For a custom loss for a NN I use the function . u, given a pair (t,x), both points in an interval, is the the output of my NN. Problem is I'm stuck at how to compute the second derivative using
K.gradient
(K being the TensorFlow backend):
def custom_loss(input_tensor, output_tensor):
def loss(y_true, y_pred):
# so far, I can only get this right, naturally:
gradient = K.gradients(output_tensor, input_tensor)
# here I'm falling badly:
# d_t = K.gradients(output_tensor, input_tensor)[0]
# dd_x = K.gradient(K.gradients(output_tensor, input_tensor),
# input_tensor[1])
return gradient # obviously not useful, just for it to work
return loss
All my attemps, based on Input(shape=(2,))
, were variations of the commented lines in the snippet above, mainly trying to find the right indexation of the resulting tensor.
Sure enough I lack knowledge of how exactly tensors work. By the way, I know in TensorFlow itself I could simply use tf.hessian
, but I noticed it's just not present when using TF as a backend.
The second derivative measures the instantaneous rate of change of the first derivative. The sign of the second derivative tells us whether the slope of the tangent line to is increasing or decreasing.
Gradient descent is a first-order optimization algorithm, which means it doesn't take into account the second derivatives of the cost function.
The second derivative simply measures how much the gradient/tangent slope f′(x) changes as we make small changes in x. i.e. how small changes in x changes the gradient f′(x). So for example, if we had a large second derivative a we made a tiny move, then the tangent line should change a lot.

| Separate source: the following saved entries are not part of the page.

lemma norm_le_diff_diff_left:
  assumes "x \<in> H" "y \<in> H" "u \<in> H"
  shows "N x \<le> N (diff (diff x y) u) + N u + N y"
proof -
  have "N x \<le> N (add (diff (diff x y) u) u) + N y"
    using assms norm_add_le[of "add (diff (diff x y) u) u" y]
    by (simp add: diff_add_cancel diff_closed add_closed)
  also have "N (add (diff (diff x y) u) u) \<le> N (diff (diff x y) u) + N u"
    using assms by (simp add: norm_add_le diff_closed)
  finally show ?thesis
    by simp
qed

lemma norm_le_diff_diff_right:
  assumes "x \<in> H" "y \<in> H" "u \<in> H"
  shows "N u \<le> N (diff (diff x y) u) + N x + N y"
proof -
  have "N u = N (diff (diff x y) (diff (diff x y) u))"
    using assms by (simp add: diff_diff_right_cancel diff_closed)
  also have "\<dots> \<le> N x + N y + N (diff (diff x y) u)"
    using assms norm_diff_le[of "diff x y" "diff (diff x y) u"] norm_diff_le[of x y]
    by (simp add: diff_closed)
  finally show ?thesis
    by simp
qed

end


locale asymptotically_additive = carrier_vector_space H add sc z
  for H :: "'m set" and add and sc :: "'f::real_normed_field \<Rightarrow> 'm \<Rightarrow> 'm" and z +
  fixes N :: "nat \<Rightarrow> 'm \<Rightarrow> real"
    and G :: "('g, 'x) monoid_scheme" and S :: "'g set" and w :: "'g \<Rightarrow> 'm"
  assumes norms: "\<And>n. norm_on H add sc z (N n)"
    and group: "group G"
    and finite_generators: "finite S"
    and generate_generators: "generate G S = carrier G"
    and w_closed: "g \<in> carrier G \<Longrightarrow> w g \<in> H"
    and defect_small: "g \<in> carrier G \<Longrightarrow> h \<in> carrier G \<Longrightarrow> \<epsilon> > 0 \<Longrightarrow>
      \<forall>\<^sub>F n in sequentially. N n (diff (diff (w (g \<otimes>\<^bsub>G\<^esub> h)) (w h)) (w g)) \<le> \<epsilon> * N n (w h)"
begin

sublocale normed: carrier_normed_space H add sc z "N n" for n
  by (rule carrier_normed_space.intro[OF carrier_vector_space_axioms])
    (simp add: carrier_normed_space_axioms_def norms)

interpretation G: group G
  by (fact group)

abbreviation defect :: "'g \<Rightarrow> 'g \<Rightarrow> 'm" where
  "defect g h \<equiv> diff (diff (w (g \<otimes>\<^bsub>G\<^esub> h)) (w h)) (w g)"

lemma generators_closed: "S \<subseteq> carrier G"
  unfolding generate_generators[symmetric] by (auto intro: generate.incl)

lemma w_one: "w \<one>\<^bsub>G\<^esub> = z"
proof -
  let ?e = "w \<one>\<^bsub>G\<^esub>"
  have e: "?e \<in> H"
    by (simp add: w_closed)
  obtain n where "N n (defect \<one>\<^bsub>G\<^esub> \<one>\<^bsub>G\<^esub>) \<le> 1/2 * N n ?e"
    using eventually_happens'[OF sequentially_bot defect_small[of "\<one>\<^bsub>G\<^esub>" "\<one>\<^bsub>G\<^esub>" "1/2"]]
    by auto
  moreover have "defect \<one>\<^bsub>G\<^esub> \<one>\<^bsub>G\<^esub> = sc (-1) ?e"
    using e by (simp add: diff_self add_zero_left scale_closed)
  ultimately have "N n ?e \<le> 0"
    using e normed.norm_scale[of ?e n "-1"] by simp
  then show ?thesis
    using e normed.norm_nonneg[of ?e n] normed.norm_eq_zero_iff[of ?e n] by simp
qed

definition generator_size :: "nat \<Rightarrow> real" where
  "generator_size n = (\<Sum>s\<in>S. N n (w s))"

lemma generator_size_nonneg: "generator_size n \<ge> 0"
  unfolding generator_size_def
  using generators_closed w_closed normed.norm_nonneg by (intro sum_nonneg) blast

lemma norm_generator_le_size: "s \<in> S \<Longrightarrow> N n (w s) \<le> generator_size n"
  unfolding generator_size_def
  using finite_generators generators_closed w_closed normed.norm_nonneg
  by (intro member_le_sum) blast+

TensorFlow provides the tf. GradientTape API for automatic differentiation; that is, computing the gradient of a computation with respect to some inputs, usually tf.
In order for a K.gradients()
layer to work like that, you have to enclose it in a Lambda()
layer, because otherwise a full Keras layer is not created, and you can't chain it or train through it. So this code will work (tested):
import keras
from keras.models import *
from keras.layers import *
from keras import backend as K
import tensorflow as tf
def grad( y, x ):
return Lambda( lambda z: K.gradients( z[ 0 ], z[ 1 ] ), output_shape = [1] )( [ y, x ] )
def network( i, d ):
m = Add()( [ i, d ] )
a = Lambda(lambda x: K.log( x ) )( m )
return a
fixed_input = Input(tensor=tf.constant( [ 1.0 ] ) )
double = Input(tensor=tf.constant( [ 2.0 ] ) )
a = network( fixed_input, double )
b = grad( a, fixed_input )
c = grad( b, fixed_input )
d = grad( c, fixed_input )
e = grad( d, fixed_input )
model = Model( inputs = [ fixed_input, double ], outputs = [ a, b, c, d, e ] )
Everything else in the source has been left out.